On November 2, 2018, Mr. Schultz filed his Second Amended Complaint. (2d. Am. Compl., ECF No. 54.) Taking the factual allegations in the Second Amended Complaint as true, Kan. Penn Gaming, LLC v. Collins, 656 F.3d 1210, 1214 (10th Cir. 2011) (citing Bell Atl. Corp. v. Twombly, 550 U.S. 544, 555 (2007)), the following facts provide the background for this decision.

On June 1, 1999, Mr. Schultz purchased a home on 3.71 acres in Wasatch County, Utah. (2d. Am. Compl. ¶¶ 8, 12, 13, ECF No. 54.) At the time Mr. Schultz purchased the property, Wasatch County had zoned the property along with all of the property on that street, 3000 South, residential/agriculture ("RA"). (Id. at ¶ 15.) On May 1, 2002, a fire destroyed Mr. Schultz's property. (Id. at ¶ 12.) Mr. Schultz's property, along with all of the property on 3000 South, retained its RA designation "until sometime in 2006, after the Town of Daniel became a town, and rezoned the property along 3000 South to RA-5 (residential/agriculture, five acre minimum)." (Id. at ¶ 17) (footnote omitted).

In February 2006, the Town of Daniel filed articles of incorporation with the Wasatch County Recorder. (See id. at ¶¶ 8, 16.) Mr. Schultz's property sits in the Town of Daniel. (Id. at ¶ 17.) No one notified Mr. Schultz of the Town of Daniel's incorporation, and he did not know the area became a town until April or May of 2014. (Id. at ¶¶ 16, 20-21.) In fact, Mr. Schultz continued to pay taxes on his property as a residential lot and therefore overpaid his property taxes to the Town of Daniel. (Id. at ¶¶ 42-45.)

In 2006 or 2007, the Town of Daniel passed a code that changed Mr.
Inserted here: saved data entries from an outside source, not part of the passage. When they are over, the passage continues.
(*
  Write L' = L \<inter> (L+1) for the elements of L whose predecessor is also in L, and
  r(l) = 2l/(2l-1).  The proof is a strong induction on |W| with the fixed ratio
  r = r(l(W)); subsets A of W have l(A) \<le> l(W), hence r(l(A)) \<ge> r, so the induction
  hypothesis may always be used with the ratio of W.  Two counting facts drive it:
   (1) every element of L lies in a run of consecutive elements starting at an element
       of L - L', and runs have length at most l(L), so |L| \<le> l(L) * |L - L'|;
   (2) for any finite M, |L \<inter> M| + |L \<inter> (M-1)| \<le> |M| + |L'|.
  If h(W) \<ge> 2, the recursion for h gives either h(W) = 1 + h(W') or
  h(W) = 1 + min(h(W \<inter> M), h(W \<inter> (M-1))) with |M| \<le> |W|; in both cases the induction
  hypothesis and (2) give r^(h(W)-2) \<le> (|W| + |W'|)/2, and (1) turns this into
  r^(h(W)-1) \<le> |W| by an elementary inequality for r(l).
*)

declare h.simps[simp del]

lemma mem_shift1: "x \<in> shift L 1 \<longleftrightarrow> 0 < x \<and> x - 1 \<in> L"
  unfolding shift_plus1 by (cases x) auto

lemma h_empty: "h {} = 0"
  by (subst h.simps) simp

text \<open>The candidate set is finite because all its
  values are of the form min (h A) (h B) with A, B subsets of L.\<close>
lemma h_unfold_cases:
  assumes fin: "finite L" and ne: "L \<noteq> {}"
  obtains "h L = Suc (h (L \<inter> shift L 1))"
  | M where "M \<in> Tset L" "h L = Suc (min (h (L \<inter> M)) (h (L \<inter> shift M (-1))))"
proof -
  define X where "X = insert (h (L \<inter> shift L 1))
                ((\<lambda>M. min (h (L \<inter> M)) (h (L \<inter> shift M (-1)))) ` Tset L)"
  have hL: "h L = Suc (Max X)"
    unfolding X_def using fin ne by (subst h.simps) simp
  have "X \<subseteq> insert (h (L \<inter> shift L 1)) ((\<lambda>(A, B). min (h A) (h B)) ` (Pow L \<times> Pow L))"
    unfolding X_def by (auto intro!: image_eqI[of _ _ "(L \<inter> _, L \<inter> shift _ (-1))"])
  then have "finite X"
    using fin by (meson finite_Pow_iff finite_SigmaI finite_imageI finite_insert finite_subset)
  then have "Max X \<in> X"
    by (intro Max_in) (auto simp: X_def)
  then show thesis
    using hL that unfolding X_def by auto
qed

lemma runs_finite: "finite (L :: nat set) \<Longrightarrow> finite {k. \<exists>a. {a..<a+k} \<subseteq> L}"
proof -
  assume fin: "finite L"
  have "{k. \<exists>a. {a..<a+k} \<subseteq> L} \<subseteq> {..card L}"
  proof
    fix k assume "k \<in> {k. \<exists>a. {a..<a+k} \<subseteq> L}"
    then obtain a where "{a..<a+k} \<subseteq> L" by auto
    then have "card {a..<a+k} \<le> card L" using fin card_mono by blast
    then show "k \<in> {..card L}" by simp
  qed
  then show ?thesis using finite_subset by blast
qed

lemma lrun_ge: "finite L \<Longrightarrow> {a..<a+k} \<subseteq> L \<Longrightarrow> k \<le> lrun L"
  unfolding lrun_def by (rule Max_ge) (auto simp: runs_finite)

lemma lrun_pos: "finite L \<Longrightarrow> L \<noteq> {} \<Longrightarrow> 1 \<le> lrun L"
  using lrun_ge[of L _ 1] by fastforce
lemma expneg_dilation_le:
  assumes "ext_convex u" and "u 0 = 0" and l: "l \<ge> 1" and ux: "u x \<noteq> -\<infinity>"
  shows "expneg u (l *\<^sub>R x) \<le> expneg u x powr l"
proof -
  have dil: "ereal l * u x \<le> u (l *\<^sub>R x)"
    using assms(1,2) l by (rule ext_convex_dilation)
  show ?thesis
  proof (cases "u x")
    case (real s)
    show ?thesis
    proof (cases "u (l *\<^sub>R x)")
      case (real r)
      with dil \<open>u x = ereal s\<close> have "l * s \<le> r"
        by simp
      then show ?thesis
        using real \<open>u x = ereal s\<close> by (simp add: expneg_def exp_powr_real mult.commute)
    qed (use dil \<open>u x = ereal s\<close> in \<open>auto simp: expneg_def\<close>)
  next
    case PInf
    then have "u (l *\<^sub>R x) = \<infinity>"
      using dil l by simp
    then show ?thesis
      using PInf by (simp add: expneg_def)
  qed (use ux in simp)
qed

lemma class_A0_properties:
  fixes f :: "real^'n \<Rightarrow> real"
  assumes "f \<in> class_A0"
  shows "integrable lborel f" and "\<And>x. 0 \<le> f x" and "\<And>x. f x \<le> 1"
    and "\<And>x l. 1 \<le> l \<Longrightarrow> f (l *\<^sub>R x) \<le> f x powr l"
proof -
  obtain u where f: "f = expneg u" and u: "class_L0 u" and "integrable lborel (expneg u)"
    using assms unfolding class_A0_def by blast
  then show "integrable lborel f"
    by simp
  have u_nonneg: "u x \<ge> 0" for x
    using u by (simp add: class_L0_def)
  show "0 \<le> f x" for x
    by (simp add: f expneg_def)
  show "f x \<le> 1" for x
    using u_nonneg[of x] by (cases "u x") (auto simp: f expneg_def)
  show "f (l *\<^sub>R x) \<le> f x powr l" if "1 \<le> l" for x l
    using u u_nonneg[of x] that unfolding f
    by (intro expneg_dilation_le) (auto simp: class_L0_def class_L_def)
qed

lemma one_minus_inverse_power_le:
  fixes e :: real
  assumes "e \<ge> 0"
  shows "1 - 1 / (1 + e) ^ n \<le> n * e"
proof -
  have "1 + n * (- (e / (1 + e))) \<le> (1 + - (e / (1 + e))) ^ n"
    using assms by (intro Bernoulli_inequality) simp
  also have "1 + - (e / (1 + e)) = 1 / (1 + e)"
    using assms by (simp add: field_simps)
  finally have "1 - 1 / (1 + e) ^ n \<le> n * (e / (1 + e))"
    by (simp add: power_one_over)
  also have "\<dots> \<le> n * e"
    using assms by (intro mult_left_mono) (simp_all add: divide_le_eq algebra_simps)
  finally show ?thesis .
qed
lemma map_channel_nth [simp]: "map_channel f $ i $ j = of_bool (f i = j)"
  by (simp add: map_channel_def)

lemma channel_le_1: "channel W \<Longrightarrow> W $ i $ j \<le> 1"
  unfolding channel_def by (metis member_le_sum finite UNIV_I)

lemma det_channels_eq_range_map_channel: "det_channels = range map_channel"
proof (intro equalityI subsetI)
  fix D :: "real^'n^'m" assume "D \<in> det_channels"
  then obtain f where "(\<lambda>i j. D $ i $ j) = (\<lambda>i j. of_bool (f i = j))"
    using zero_one_stochastic_eq_map[of "\<lambda>i j. D $ i $ j"]
    by (auto simp: det_channels_def channel_def row_sum_def)
  then have "D = map_channel f" by (simp add: vec_eq_iff fun_eq_iff)
  then show "D \<in> range map_channel" by blast
qed (auto simp: det_channels_def channel_def)

lemma inj_map_channel: "inj map_channel"
proof (rule injI)
  fix f g :: "'m::finite \<Rightarrow> 'n::finite" assume "map_channel f = map_channel g"
  then have "map_channel f $ i $ f i = map_channel g $ i $ f i" for i by simp
  then show "f = g" by (auto simp: fun_eq_iff)
qed

lemma sum_det_channels: "(\<Sum>D\<in>det_channels. h D) = (\<Sum>f\<in>UNIV. h (map_channel f))"
  unfolding det_channels_eq_range_map_channel by (simp add: sum.reindex inj_map_channel)

lemma P_rank_eq_sum_maps: "P_rank lam r = (\<Sum>f | rank (map_channel f) = r. lam (map_channel f))"
proof -
  have maps: "{D \<in> det_channels. rank D = r} = map_channel ` {f. rank (map_channel f) = r}"
    unfolding det_channels_eq_range_map_channel by auto
  show ?thesis
    unfolding P_rank_def maps by (simp add: sum.reindex inj_on_subset[OF inj_map_channel])
qed

lemma map_channel_mult: "map_channel f *v x = (\<chi> i. x $ f i)"
  by (simp add: vec_eq_iff matrix_vector_mult_def if_distrib if_distribR cong: if_cong)

lemma rank_map_channel_eq_card_domain_iff:
  "rank (map_channel (f :: 'm::finite \<Rightarrow> 'n::finite)) = CARD('m) \<longleftrightarrow> inj f"
proof -
  have "surj ((*v) (map_channel f)) \<longleftrightarrow> inj f"
  proof
    assume surj: "surj ((*v) (map_channel f))"
    show "inj f"
    proof (rule injI, rule ccontr)
      fix i1 i2 assume "f i1 = f i2" "i1 \<noteq> i2"
      obtain x where x: "map_channel f *v x = (\<chi> i. of_bool (i = i1))"
        using surjD[OF surj, of "\<chi> i. of_bool (i = i1)"] by auto
      have "(map_channel f *v x) $ i1 = 1" "(map_channel f *v x) $ i2 = 0"
        unfolding x using \<open>i1 \<noteq> i2\<close> by simp_all
      then have "x $ f i1 = 1" "x $ f i2 = 0" by (simp_all add: map_channel_mult)
      with \<open>f i1 = f i2\<close> show False by simp
    qed
  next
    assume "inj f"
    then have "map_channel f *v (\<chi> j. y $ inv f j) = y" for y
      by (simp add: map_channel_mult vec_eq_iff)
    then show "surj ((*v) (map_channel f))" by (rule surjI)
  qed
  then show ?thesis by (simp add: full_rank_surjective)
qed

lemma rank_map_channel_eq_card_range_iff:
  "rank (map_channel (f :: 'm::finite \<Rightarrow> 'n::finite)) = CARD('n) \<longleftrightarrow> surj f"
proof -
  have "inj ((*v) (map_channel f)) \<longleftrightarrow> surj f"
  proof
    assume inj: "inj ((*v) (map_channel f))"
    show "surj f"
    proof (rule ccontr)
      assume "\<not> surj f"
      then obtain j where j: "j \<notin> range f" by blast
      have "map_channel f *v (\<chi> k. of_bool (k = j)) = map_channel f *v 0"
        using j by (auto simp: map_channel_mult vec_eq_iff)
      then have "(\<chi> k. of_bool (k = j)) = (0 :: real^'n)" using injD[OF inj] by blast
      then show False by (simp add: vec_eq_iff)
    qed
  next
    assume "surj f"
    show "inj ((*v) (map_channel f))"
    proof (rule injI)
      fix x y :: "real^'n"
      assume "map_channel f *v x = map_channel f *v y"
      then have "x $ f i = y $ f i" for i by (simp add: map_channel_mult vec_eq_iff)
      with \<open>surj f\<close> show "x = y" by (metis surjD vec_eq_iff)
    qed
  qed
  then show ?thesis by (simp add: full_rank_injective)
qed

lemma decomps_map_decomposition:
  assumes "lam \<in> decomps W"
  shows "map_decomposition (\<lambda>i j. W $ i $ j) (lam \<circ> map_channel)"
proof -
  have "W $ i $ j = sum (lam \<circ> map_channel) {f. f i = j}" for i j
  proof -
    have "W $ i $ j = (\<Sum>D\<in>det_channels. lam D * D $ i $ j)"
      using assms by (simp add: decomps_def)
    also have "\<dots> = sum (lam \<circ> map_channel) {f. f i = j}"
      by (simp add: sum_det_channels sum.If_cases)
    finally show ?thesis .
  qed
  then show ?thesis
    using assms by (simp add: map_decomposition_def decomps_def sum_det_channels)
qed

lemma map_decomposition_decomps:
  assumes "map_decomposition (\<lambda>i j. W $ i $ j) \<mu>"
  shows "\<exists>lam\<in>decomps W. lam \<circ> map_channel = \<mu>"
proof -
  define lam where "lam D = (if D \<in> det_channels then \<mu> (inv map_channel D) else 0)" for D
  have lam_map: "lam \<circ> map_channel = \<mu>"
    by (auto simp: lam_def det_channels_eq_range_map_channel inv_f_f[OF inj_map_channel])
  have "(\<Sum>D\<in>det_channels. lam D *\<^sub>R D) $ i $ j = W $ i $ j" for i j
    using assms lam_map
    by (simp add: sum_det_channels map_decomposition_def sum.If_cases flip: comp_apply[of lam map_channel])
  moreover have "(\<Sum>D\<in>det_channels. lam D) = 1"
    using assms lam_map by (simp add: sum_det_channels map_decomposition_def flip: comp_apply[of lam map_channel])
  ultimately have "lam \<in> decomps W"
    using assms by (auto simp: decomps_def lam_def map_decomposition_def vec_eq_iff)
  with lam_map show ?thesis by blast
qed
Schultz's property's zoning from RA to RA-5. (Id. at ¶¶ 18-19.) Mr. Schultz first learned the Town of Daniel had changed the zoning of his property in April or May of 2014 while attempting to sell his property. (Id. at ¶¶ 23-25.) After experiencing difficulty selling his property, Mr. Schultz contacted the Town of Daniel who

told [him] a home could not be built on his property, because the Town of Daniel had passed Daniel Town Code, Section 8.22.03, that states that [he] could not build a new home on his property, because he did not rebuild a new home on his property, within one year after the home on his property was destroyed by fire, on May 1, 2002, unless [he] could provide the Town of Daniel with a document called a "Lot of Record," even though the Town of Daniel did not exist, until sometime in February 2006, and could not have enacted its Town Code until sometime after February 1, 2006, at the earliest.
(Id. at ¶ 25.)

In September 2014, Mr. Schultz engaged in multiple attempts to have a representative from the Town of Daniel issue a letter stating he could not build a home on his property. (Id. at ¶¶ 33-37.) Following his lack of success on that front, Mr. Schultz requested a meeting with the Planning and Zoning Department to seek permission to rebuild his home and received no response. (Id. ¶ 38.) In November 2014, Mr. Schultz contacted the Town of Daniel to attempt to schedule a time to address the Daniel Town Council regarding his property; the Town, however, refused to schedule any time before the Town Council because he did not provide them with a "Lot of Record," which Wasatch County said did not exist. (Id. at ¶¶ 38-40.) Mr. Schultz alleges Eric Bunker serves as "the chairman of the Daniel Planning and Zoning Department." (Id. at ¶ 148.) On March 10, 2015, Mr. Bunker sent Mr. Schultz a letter confirming that the Town of Daniel would not issue a building permit to Mr. Schultz because he failed to provide him with a lot of record. (Id. at ¶¶ 46, 182.) In October 2018, Mr. Schultz sought a form to request rezoning, and the City never responded to his request. (Id. at ¶¶ 156-158.)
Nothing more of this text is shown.